ABOUT THIS EXERCISE
With the line containing "gamma_DLD_cart_le[OF assms] gamma_DLD_cart_le[OF" as the start and the line containing "section \<open>Boxes in" as the end, transcribe that span of the entries below exactly, including both.

PROVIDED ENTRIES

lemma arc_matching_common_start_iff:
  assumes "\<And>ab. ab \<in> set B \<Longrightarrow> fst ab = a" "finite P"
  shows "arc_matching k val P B \<longleftrightarrow> card P = length B \<and>
    (\<forall>t. length (filter (\<lambda>ab. snd ab - a \<le> t) B) \<le> card {p\<in>P. cdist k a (val p) \<le> t})"
proof -
  have fits: "on_arc k (B!j) v \<longleftrightarrow> cdist k a v \<le> snd (B!j) - a" if "j < length B" for j v
    using assms(1)[OF nth_mem[OF that]] by (simp add: on_arc_def)
  have count: "length (filter (\<lambda>ab. snd ab - a \<le> t) B) = card {j\<in>{..<length B}. snd (B!j) - a \<le> t}" for t
    by (simp add: length_filter_conv_card)
  show ?thesis
  proof
    assume "arc_matching k val P B"
    then obtain f where f: "bij_betw f {..<length B} P" "\<forall>j<length B. on_arc k (B!j) (val (f j))"
      unfolding arc_matching_iff_bij by blast
    have "card {j\<in>{..<length B}. snd (B!j) - a \<le> t} \<le> card {p\<in>P. cdist k a (val p) \<le> t}" for t
      using f(2) fits assms(2) by (intro card_threshold_le_if_bij[OF f(1)]) auto
    then show "card P = length B \<and>
        (\<forall>t. length (filter (\<lambda>ab. snd ab - a \<le> t) B) \<le> card {p\<in>P. cdist k a (val p) \<le> t})"
      using bij_betw_same_card[OF f(1)] unfolding count by simp
  next
    assume "card P = length B \<and>
        (\<forall>t. length (filter (\<lambda>ab. snd ab - a \<le> t) B) \<le> card {p\<in>P. cdist k a (val p) \<le> t})"
    then obtain f where "bij_betw f {..<length B} P" "\<forall>j\<in>{..<length B}. cdist k a (val (f j)) \<le> snd (B!j) - a"
      using threshold_bij_exists[of P "{..<length B}" "\<lambda>j. snd (B!j) - a" "\<lambda>p. cdist k a (val p)"] assms(2)
      unfolding count by auto
    then show "arc_matching k val P B" unfolding arc_matching_iff_bij using fits by auto
  qed
qed
(* Let $E$ be a finite-dimensional real inner product space and let $C(t)=\bigcap_{i=1}^k\{x\in E:(x,n_i)_0\le c_i(t)\}$, $t\ge0$, be nonempty and uniformly bounded, where $n_1,\dots,n_k\in E$, $k\ge\dim E$, and $c_i$ are globally Lipschitz continuous $T$-periodic functions. Assume that any $\dim E$ vectors of $\{n_i\}_{i=1}^k$ are linearly independent and that the cardinality of $J(t,x)=\{i\in\{1,\dots,k\}:(x,n_i)_0=c_i(t)\}$ does not exceed $\dim E$ for all $x\in C(t)$ and $t\in[0,T]$. Then the set $X(t)$ of $T$-periodic solutions of $-\dot x\in N^0_{C(t)}(x)$ contains at most one non-constant $T$-periodic solution.
   Context: $(\cdot,\cdot)_0$ is the inner product of $E$. $N^0_K(x)=\{\zeta\in E:(\zeta,c-x)_0\le0\ \forall c\in K\}$ if $x\in K$, $\emptyset$ otherwise. A solution is a Lipschitz function $x$ on $[0,\infty)$ with $x(t)\in C(t)$ satisfying the inclusion a.e. (existing and unique for each initial value). $T$-periodic solutions are those with $x(T)=x(0)$. *)

theory Defs
  imports "HOL-Analysis.Analysis"
begin

definition normal_cone :: "'a::real_inner set \<Rightarrow> 'a \<Rightarrow> 'a set" where
  "normal_cone K x = (if x \<in> K then {\<zeta>. \<forall>c\<in>K. \<zeta> \<bullet> (c - x) \<le> 0} else {})"

definition poly_set :: "nat \<Rightarrow> (nat \<Rightarrow> 'a::real_inner) \<Rightarrow> (nat \<Rightarrow> real \<Rightarrow> real) \<Rightarrow> real \<Rightarrow> 'a set" where
  "poly_set k n c t = {x. \<forall>i\<in>{1..k}. x \<bullet> n i \<le> c i t}"

definition active_set :: "nat \<Rightarrow> (nat \<Rightarrow> 'a::real_inner) \<Rightarrow> (nat \<Rightarrow> real \<Rightarrow> real) \<Rightarrow> real \<Rightarrow> 'a \<Rightarrow> nat set" where
  "active_set k n c t x = {i\<in>{1..k}. x \<bullet> n i = c i t}"

definition sweeping_solution :: "(real \<Rightarrow> 'a::euclidean_space set) \<Rightarrow> (real \<Rightarrow> 'a) \<Rightarrow> bool" where
  "sweeping_solution C x \<longleftrightarrow>
     (\<exists>L. L-lipschitz_on {0..} x) \<and>
     (\<forall>t\<ge>0. x t \<in> C t) \<and>
     (AE t in lebesgue. t \<ge> 0 \<longrightarrow>
        (\<exists>v. (x has_vector_derivative v) (at t) \<and> - v \<in> normal_cone (C t) (x t)))"

definition periodic_solution :: "real \<Rightarrow> (real \<Rightarrow> 'a::euclidean_space set) \<Rightarrow> (real \<Rightarrow> 'a) \<Rightarrow> bool" where
  "periodic_solution T C x \<longleftrightarrow> sweeping_solution C x \<and> x T = x 0"

end

theory Submission
  imports Defs
begin
lemma gamma_DLD_le_cart:
  assumes G: "fin_graph VG EG" and H: "fin_graph VH EH"
  shows "gamma_DLD VG EG \<le> gamma_DLD (VG \<times> VH) (cart_edge EG EH)"
proof -
  have "finite (VG \<times> VH)" "VG \<times> VH \<noteq> {}"
    using G H by (auto simp: fin_graph_def)
  then obtain D where D: "solid_ld (VG \<times> VH) (cart_edge EG EH) D"
    and card_D: "card D = gamma_DLD (VG \<times> VH) (cart_edge EG EH)"
    using gamma_DLD_attained by blast
  have "finite D"
    using D by (intro finite_subset[OF _ \<open>finite (VG \<times> VH)\<close>]) (simp add: solid_ld_def)
  have "gamma_DLD VG EG \<le> card (fst ` D)"
    using G solid_ld_fst_image[OF G H D] by (intro gamma_DLD_le) (auto simp: fin_graph_def)
  also have "\<dots> \<le> card D"
    using \<open>finite D\<close> by (rule card_image_le)
  finally show ?thesis
    using card_D by simp
qed

lemma gamma_DLD_cart_le:
  assumes G: "fin_graph VG EG" and H: "fin_graph VH EH"
  shows "gamma_DLD (VG \<times> VH) (cart_edge EG EH) \<le> card VH * gamma_DLD VG EG"
proof -
  have "finite VG" "VG \<noteq> {}"
    using G by (auto simp: fin_graph_def)
  then obtain C where C: "solid_ld VG EG C" and card_C: "card C = gamma_DLD VG EG"
    using gamma_DLD_attained by blast
  have "gamma_DLD (VG \<times> VH) (cart_edge EG EH) \<le> card (C \<times> VH)"
    using G H solid_ld_cart_times[OF G H C] by (intro gamma_DLD_le) (auto simp: fin_graph_def)
  then show ?thesis
    by (simp add: card_cartesian_product card_C mult.commute)
qed

theorem mainTheorem14:
  fixes VG :: "'a set" and EG :: "'a \<Rightarrow> 'a \<Rightarrow> bool"
    and VH :: "'b set" and EH :: "'b \<Rightarrow> 'b \<Rightarrow> bool"
  assumes "fin_graph VG EG" and "fin_graph VH EH"
  shows "(max (gamma_SLD VG EG) (gamma_SLD VH EH) \<le> gamma_SLD (VG \<times> VH) (cart_edge EG EH) \<and>
         gamma_SLD (VG \<times> VH) (cart_edge EG EH)
           \<le> min (card VH * gamma_SLD VG EG) (card VG * gamma_SLD VH EH)) \<and>
         (max (gamma_DLD VG EG) (gamma_DLD VH EH) \<le> gamma_DLD (VG \<times> VH) (cart_edge EG EH) \<and>
         gamma_DLD (VG \<times> VH) (cart_edge EG EH)
           \<le> min (card VH * gamma_DLD VG EG) (card VG * gamma_DLD VH EH))"
  using gamma_SLD_le_cart[OF assms] gamma_SLD_le_cart[OF assms(2,1)]
    gamma_SLD_cart_le[OF assms] gamma_SLD_cart_le[OF assms(2,1)]
    gamma_DLD_le_cart[OF assms] gamma_DLD_le_cart[OF assms(2,1)]
    gamma_DLD_cart_le[OF assms] gamma_DLD_cart_le[OF assms(2,1)]
  unfolding gamma_SLD_cart_swap[OF assms] gamma_DLD_cart_swap[OF assms] by simp

end
definition has_cycle_len :: "'v set \<Rightarrow> ('v \<Rightarrow> 'v \<Rightarrow> bool) \<Rightarrow> nat \<Rightarrow> bool" where
  "has_cycle_len V E k \<longleftrightarrow> 3 \<le> k \<and> (\<exists>f :: nat \<Rightarrow> 'v. (\<forall>i<k. f i \<in> V) \<and> inj_on f {..<k}
     \<and> (\<forall>i<k. E (f i) (f ((i + 1) mod k))))"

definition girth_is :: "'v set \<Rightarrow> ('v \<Rightarrow> 'v \<Rightarrow> bool) \<Rightarrow> nat \<Rightarrow> bool" where
  "girth_is V E g \<longleftrightarrow> has_cycle_len V E g \<and> (\<forall>k<g. \<not> has_cycle_len V E k)"

definition planar :: "'v set \<Rightarrow> ('v \<Rightarrow> 'v \<Rightarrow> bool) \<Rightarrow> bool" where
  "planar V E \<longleftrightarrow> (\<exists>(pos :: 'v \<Rightarrow> real \<times> real) (\<gamma> :: 'v \<Rightarrow> 'v \<Rightarrow> real \<Rightarrow> real \<times> real).
     inj_on pos V
     \<and> (\<forall>u v. E u v \<longrightarrow> arc (\<gamma> u v) \<and> pathstart (\<gamma> u v) = pos u \<and> pathfinish (\<gamma> u v) = pos v)
     \<and> (\<forall>u v w. E u v \<and> w \<in> V \<and> pos w \<in> path_image (\<gamma> u v) \<longrightarrow> w = u \<or> w = v)
     \<and> (\<forall>u v x y. E u v \<and> E x y \<and> {u, v} \<noteq> {x, y} \<longrightarrow>
          path_image (\<gamma> u v) \<inter> path_image (\<gamma> x y) \<subseteq> {pos u, pos v} \<inter> {pos x, pos y}))"

section \<open>Boxes in R^d (points as nat \<Rightarrow> real, zero outside coordinates 0..d-1; coordinate 0 is e_1)\<close>

definition cbox_d :: "nat \<Rightarrow> (nat \<Rightarrow> real) \<Rightarrow> (nat \<Rightarrow> real) \<Rightarrow> (nat \<Rightarrow> real) set" where
  "cbox_d d a b = {x. (\<forall>i<d. a i \<le> x i \<and> x i \<le> b i) \<and> (\<forall>i. d \<le> i \<longrightarrow> x i = 0)}"

definition obox_d :: "nat \<Rightarrow> (nat \<Rightarrow> real) \<Rightarrow> (nat \<Rightarrow> real) \<Rightarrow> (nat \<Rightarrow> real) set" where
  "obox_d d a b = {x. (\<forall>i<d. a i < x i \<and> x i < b i) \<and> (\<forall>i. d \<le> i \<longrightarrow> x i = 0)}"

definition facet_box_e1 :: "nat \<Rightarrow> (nat \<Rightarrow> real) set \<Rightarrow> bool" where
  "facet_box_e1 d S \<longleftrightarrow> (\<exists>a b. a 0 = b 0 \<and> (\<forall>i. 1 \<le> i \<and> i < d \<longrightarrow> a i < b i) \<and> S = cbox_d d a b)"

definition d_CBU :: "nat \<Rightarrow> 'v set \<Rightarrow> ('v \<Rightarrow> 'v \<Rightarrow> bool) \<Rightarrow> bool" where
  "d_CBU d V E \<longleftrightarrow> (\<exists>(lo :: 'v \<Rightarrow> nat \<Rightarrow> real) hi.
     (\<forall>v\<in>V. \<forall>i<d. lo v i < hi v i)
     \<and> (\<forall>u\<in>V. \<forall>v\<in>V. u \<noteq> v \<longrightarrow> obox_d d (lo u) (hi u) \<inter> obox_d d (lo v) (hi v) = {})
     \<and> (\<forall>u\<in>V. \<forall>v\<in>V. u \<noteq> v \<longrightarrow> (E u v \<longleftrightarrow> cbox_d d (lo u) (hi u) \<inter> cbox_d d (lo v) (hi v) \<noteq> {}))
     \<and> (\<forall>u\<in>V. \<forall>v\<in>V. u \<noteq> v \<and> cbox_d d (lo u) (hi u) \<inter> cbox_d d (lo v) (hi v) \<noteq> {} \<longrightarrow>
          facet_box_e1 d (cbox_d d (lo u) (hi u) \<inter> cbox_d d (lo v) (hi v))))"

definition CBU :: "'v set \<Rightarrow> ('v \<Rightarrow> 'v \<Rightarrow> bool) \<Rightarrow> bool" where
  "CBU V E \<longleftrightarrow> (\<exists>d\<ge>1. d_CBU d V E)"

end

theory Submission
  imports Defs
begin

text \<open>
  Project the boxes of a CBU representation onto the first axis. Two adjacent boxes meet in a
  facet orthogonal to \<open>e\<^sub>1\<close>, so their projections \<open>[l, h]\<close> touch end to start: the upper end
  of one is the lower end of the other. No three intervals touch pairwise, hence a path of three
  touching intervals cannot begin and end with the same interval, and a 4-cycle of touching
  intervals whose opposite intervals differ is a pinwheel: all four meet in one point, two of them
  ending and two starting there.

  In the counterexample G, paths of length three join the opposite corners of the 4-cycles
  1-2-4-3 and 0-1-2-5, so both are pinwheels. As they share the edge 1-2, the interval of 4 ends
  where the interval of 0 starts or vice versa, and then their common neighbour 9 cannot touch
  both. G is drawn with straight segments, checked in exact arithmetic by orientation signs; it
  contains the 4-cycle 1-2-4-3 and no triangle.
\<close>

section \<open>Planarity and girth\<close>

type_synonym point = "real \<times> real"

definition orientation :: "point \<Rightarrow> point \<Rightarrow> point \<Rightarrow> real" where
  "orientation a b c = (fst b - fst a) * (snd c - snd a) - (snd b - snd a) * (fst c - fst a)"

lemma orientation_swap: "orientation b a c = - orientation a b c"
  by (simp add: orientation_def algebra_simps)

lemma orientation_closed_segment:
  assumes "x \<in> closed_segment c d"
  obtains s where "0 \<le> s" "s \<le> 1" "x = (1 - s) *\<^sub>R c + s *\<^sub>R d"
    "orientation a b x = (1 - s) * orientation a b c + s * orientation a b d"
proof -
  obtain s where s: "0 \<le> s" "s \<le> 1" "x = (1 - s) *\<^sub>R c + s *\<^sub>R d"
    using assms unfolding in_segment by blast
  moreover have "orientation a b x = (1 - s) * orientation a b c + s * orientation a b d"
    unfolding s(3) orientation_def by (simp add: algebra_simps)
  ultimately show ?thesis using that by blast
qed

lemma orientation_on_segment:
  assumes "x \<in> closed_segment a b"
  shows "orientation a b x = 0"
proof -
  obtain s where "orientation a b x = (1 - s) * orientation a b a + s * orientation a b b"
    using orientation_closed_segment[OF assms] by blast
  then show ?thesis by (simp add: orientation_def)
qed

lemma convex_combination_same_sign_nonzero:
  fixes p q s :: real
  assumes "p * q > 0" "0 \<le> s" "s \<le> 1"
  shows "(1 - s) * p + s * q \<noteq> 0"
proof -
  have "p * ((1 - s) * p + s * q) = (1 - s) * p\<^sup>2 + s * (p * q)"
    by (simp add: algebra_simps power2_eq_square)
  also have "\<dots> > 0"
  proof (cases "s = 1")
    case True
    then show ?thesis using assms by simp
  next
    case False
    have "p \<noteq> 0" using assms(1) by auto
    then have "(1 - s) * p\<^sup>2 > 0" using False assms(3) by simp
    then show ?thesis using assms by (simp add: add_pos_nonneg)
  qed
  finally show ?thesis by auto
qed

lemma closed_segments_disjoint_same_side:
  assumes "orientation a b c * orientation a b d > 0"
  shows "closed_segment a b \<inter> closed_segment c d = {}"
proof -
  have "orientation a b x \<noteq> 0" if x: "x \<in> closed_segment c d" for x
  proof -
    obtain s where "0 \<le> s" "s \<le> 1"
      and "orientation a b x = (1 - s) * orientation a b c + s * orientation a b d"
      using orientation_closed_segment[OF x] by metis
    with convex_combination_same_sign_nonzero[OF assms] show ?thesis by simp
  qed
  then show ?thesis using orientation_on_segment by blast
qed

lemma closed_segment_inter_at_shared_end:
  assumes "orientation a b d \<noteq> 0" "c \<in> {a, b}"
  shows "closed_segment a b \<inter> closed_segment c d \<subseteq> {c}"
proof -
  have from_start: "closed_segment a b \<inter> closed_segment a d \<subseteq> {a}"
    if "orientation a b d \<noteq> 0" for a b
  proof
    fix x assume x: "x \<in> closed_segment a b \<inter> closed_segment a d"
    obtain s where x_eq: "x = (1 - s) *\<^sub>R a + s *\<^sub>R d"
      and "orientation a b x = (1 - s) * orientation a b a + s * orientation a b d"
      using x orientation_closed_segment by blast
    moreover have "orientation a b x = 0" "orientation a b a = 0"
      using x orientation_on_segment by (simp_all add: orientation_def)
    ultimately have "s = 0" using that by simp
    then show "x \<in> {a}" using x_eq by simp
  qed
  show ?thesis
  proof (cases "c = a")
    case True
    then show ?thesis using from_start[OF assms(1)] by simp
  next
    case False
    then have "c = b" using assms(2) by simp
    have "orientation b a d \<noteq> 0" using assms(1) orientation_swap[of b a d] by simp
    then show ?thesis
      using from_start[of b a] \<open>c = b\<close> closed_segment_commute[of a b] by blast
  qed
qed

definition segments_separated :: "point \<Rightarrow> point \<Rightarrow> point \<Rightarrow> point \<Rightarrow> bool" where
  "segments_separated a b c d \<longleftrightarrow>
     orientation a b c * orientation a b d > 0 \<or> orientation c d a * orientation c d b > 0
     \<or> c \<in> {a, b} \<and> orientation a b d \<noteq> 0 \<or> d \<in> {a, b} \<and> orientation a b c \<noteq> 0"

lemma segments_separated_inter:
  assumes "segments_separated a b c d"
  shows "closed_segment a b \<inter> closed_segment c d \<subseteq> {a, b} \<inter> {c, d}"
  using assms unfolding segments_separated_def
proof (elim disjE conjE)
  assume "orientation a b c * orientation a b d > 0"
  then show ?thesis using closed_segments_disjoint_same_side by blast
next
  assume "orientation c d a * orientation c d b > 0"
  then show ?thesis using closed_segments_disjoint_same_side by blast
next
  assume "c \<in> {a, b}" "orientation a b d \<noteq> 0"
  then show ?thesis using closed_segment_inter_at_shared_end by blast
next
  assume "d \<in> {a, b}" "orientation a b c \<noteq> 0"
  then have "closed_segment a b \<inter> closed_segment d c \<subseteq> {d}"
    using closed_segment_inter_at_shared_end by blast
  then have "closed_segment a b \<inter> closed_segment c d \<subseteq> {d}"
    by (simp only: closed_segment_commute[of c d])
  then show ?thesis using \<open>d \<in> {a, b}\<close> by blast
qed

lemma planar_by_straight_segments:
  fixes pos :: "'v \<Rightarrow> point"
  assumes "simple_graph V E" "inj_on pos V"
    and vertex_off_edge:
      "\<And>u v w. E u v \<Longrightarrow> w \<in> V \<Longrightarrow> pos w \<in> closed_segment (pos u) (pos v) \<Longrightarrow> w = u \<or> w = v"
    and edges_meet_at_ends:
      "\<And>u v x y. E u v \<Longrightarrow> E x y \<Longrightarrow> {u, v} \<noteq> {x, y} \<Longrightarrow>
         closed_segment (pos u) (pos v) \<inter> closed_segment (pos x) (pos y)
           \<subseteq> {pos u, pos v} \<inter> {pos x, pos y}"
  shows "planar V E"
  unfolding planar_def
proof (intro exI[of _ pos] exI[of _ "\<lambda>u v. linepath (pos u) (pos v)"] conjI allI impI)
  fix u v assume "E u v"
  then have "u \<in> V" "v \<in> V" "u \<noteq> v"
    using assms(1) unfolding simple_graph_def by blast+
  then show "arc (linepath (pos u) (pos v))"
    using assms(2) by (simp add: arc_linepath inj_on_eq_iff)
qed (use assms(2) vertex_off_edge edges_meet_at_ends in auto)

lemma closed_segment_eq_if_doubleton_eq:
  "{a, b} = {c, d} \<Longrightarrow> closed_segment a b = closed_segment c d"
  by (auto simp: doubleton_eq_iff closed_segment_commute)

lemma girth_is_4I:
  assumes "has_cycle_len V E 4" "\<And>a b c. E a b \<Longrightarrow> E b c \<Longrightarrow> E c a \<Longrightarrow> False"
  shows "girth_is V E 4"
  unfolding girth_is_def
proof (intro conjI allI impI notI)
  fix k :: nat assume "k < 4" and cycle: "has_cycle_len V E k"
  then have "k = 3" unfolding has_cycle_len_def by simp
  with cycle obtain f where "\<forall>i<3::nat. E (f i) (f ((i + 1) mod 3))"
    unfolding has_cycle_len_def by blast
  note edge = this[rule_format]
  have "E (f 0) (f 1)" "E (f 1) (f 2)" "E (f 2) (f 0)"
    using edge[of 0] edge[of 1] edge[of 2] by (simp_all add: numeral_2_eq_2)
  then show False using assms(2) by blast
qed (use assms(1) in simp)

section \<open>Touching intervals\<close>

definition touching :: "real \<times> real \<Rightarrow> real \<times> real \<Rightarrow> bool" where
  "touching I J \<longleftrightarrow> snd I = fst J \<or> snd J = fst I"

lemma no_common_touching:
  assumes "fst I < snd I" "fst J < snd J" "fst K < snd K" "snd I = fst J"
    and "touching K I" "touching K J"
  shows False
  using assms unfolding touching_def by auto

EXERCISE RESULT
    gamma_DLD_cart_le[OF assms] gamma_DLD_cart_le[OF assms(2,1)]
  unfolding gamma_SLD_cart_swap[OF assms] gamma_DLD_cart_swap[OF assms] by simp

end
definition has_cycle_len :: "'v set \<Rightarrow> ('v \<Rightarrow> 'v \<Rightarrow> bool) \<Rightarrow> nat \<Rightarrow> bool" where
  "has_cycle_len V E k \<longleftrightarrow> 3 \<le> k \<and> (\<exists>f :: nat \<Rightarrow> 'v. (\<forall>i<k. f i \<in> V) \<and> inj_on f {..<k}
     \<and> (\<forall>i<k. E (f i) (f ((i + 1) mod k))))"

definition girth_is :: "'v set \<Rightarrow> ('v \<Rightarrow> 'v \<Rightarrow> bool) \<Rightarrow> nat \<Rightarrow> bool" where
  "girth_is V E g \<longleftrightarrow> has_cycle_len V E g \<and> (\<forall>k<g. \<not> has_cycle_len V E k)"

definition planar :: "'v set \<Rightarrow> ('v \<Rightarrow> 'v \<Rightarrow> bool) \<Rightarrow> bool" where
  "planar V E \<longleftrightarrow> (\<exists>(pos :: 'v \<Rightarrow> real \<times> real) (\<gamma> :: 'v \<Rightarrow> 'v \<Rightarrow> real \<Rightarrow> real \<times> real).
     inj_on pos V
     \<and> (\<forall>u v. E u v \<longrightarrow> arc (\<gamma> u v) \<and> pathstart (\<gamma> u v) = pos u \<and> pathfinish (\<gamma> u v) = pos v)
     \<and> (\<forall>u v w. E u v \<and> w \<in> V \<and> pos w \<in> path_image (\<gamma> u v) \<longrightarrow> w = u \<or> w = v)
     \<and> (\<forall>u v x y. E u v \<and> E x y \<and> {u, v} \<noteq> {x, y} \<longrightarrow>
          path_image (\<gamma> u v) \<inter> path_image (\<gamma> x y) \<subseteq> {pos u, pos v} \<inter> {pos x, pos y}))"

section \<open>Boxes in R^d (points as nat \<Rightarrow> real, zero outside coordinates 0..d-1; coordinate 0 is e_1)\<close>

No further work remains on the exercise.